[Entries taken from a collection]

★ ★ ★

theorem theorem6:
  fixes V :: "'a set" and E :: "'a \<Rightarrow> 'a \<Rightarrow> bool" and W :: "nat \<Rightarrow> 'a list"
  assumes "finite V" and "V \<noteq> {}"
    and "\<forall>u v. E u v \<longrightarrow> u \<in> V \<and> v \<in> V"
    and "\<forall>u v. E u v \<longrightarrow> E v u"
    and "\<forall>v. \<not> E v v"
    and "\<forall>u\<in>V. \<forall>v\<in>V. E\<^sup>*\<^sup>* u v"
    and "valid_walks V E W"
  shows "int (cnot_cost (qft_circuit V W))
           \<le> 3 * int (min_cover_walk_length V E) * int (card V) - 2 * int (card V)"
proof -
  let ?n = "card V" and ?k = "min_cover_walk_length V E"
  have "symp E" using assms(4) by (simp add: symp_def)
  have "shortest_covering_walk V E (W 1)" using assms(7) by (simp add: valid_walks_def)
  then have "?k = length (W 1)" and "set (W 1) = V"
    by (auto simp: min_cover_walk_length_eq shortest_covering_walk_def covering_walk_def)
  then have "?n \<le> ?k" by (metis card_length)
  have "cnot_cost (qft_circuit V W) \<le> 3 * (?n * (?n - 1))"
    using qft_circuit_cost_le[OF assms(7) \<open>symp E\<close>] .
  moreover have "int (3 * (?n * (?n - 1))) = 3 * int ?n * (int ?n - 1)"
    by (cases ?n) (simp_all add: algebra_simps)
  ultimately have "int (cnot_cost (qft_circuit V W)) \<le> 3 * int ?n * (int ?n - 1)"
    by (metis of_nat_mono)
  also have "\<dots> \<le> 3 * int ?k * int ?n - 2 * int ?n"
    using mult_right_mono[of "int ?n" "int ?k" "int ?n"] \<open>?n \<le> ?k\<close> by (simp add: algebra_simps)
  finally show ?thesis .
qed

end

★ ★ ★

[Your instructions]
All lines of the records above with the word "then" in them are to be copied.

[Exercise result]
  then have "?k = length (W 1)" and "set (W 1) = V"
  then have "?n \<le> ?k" by (metis card_length)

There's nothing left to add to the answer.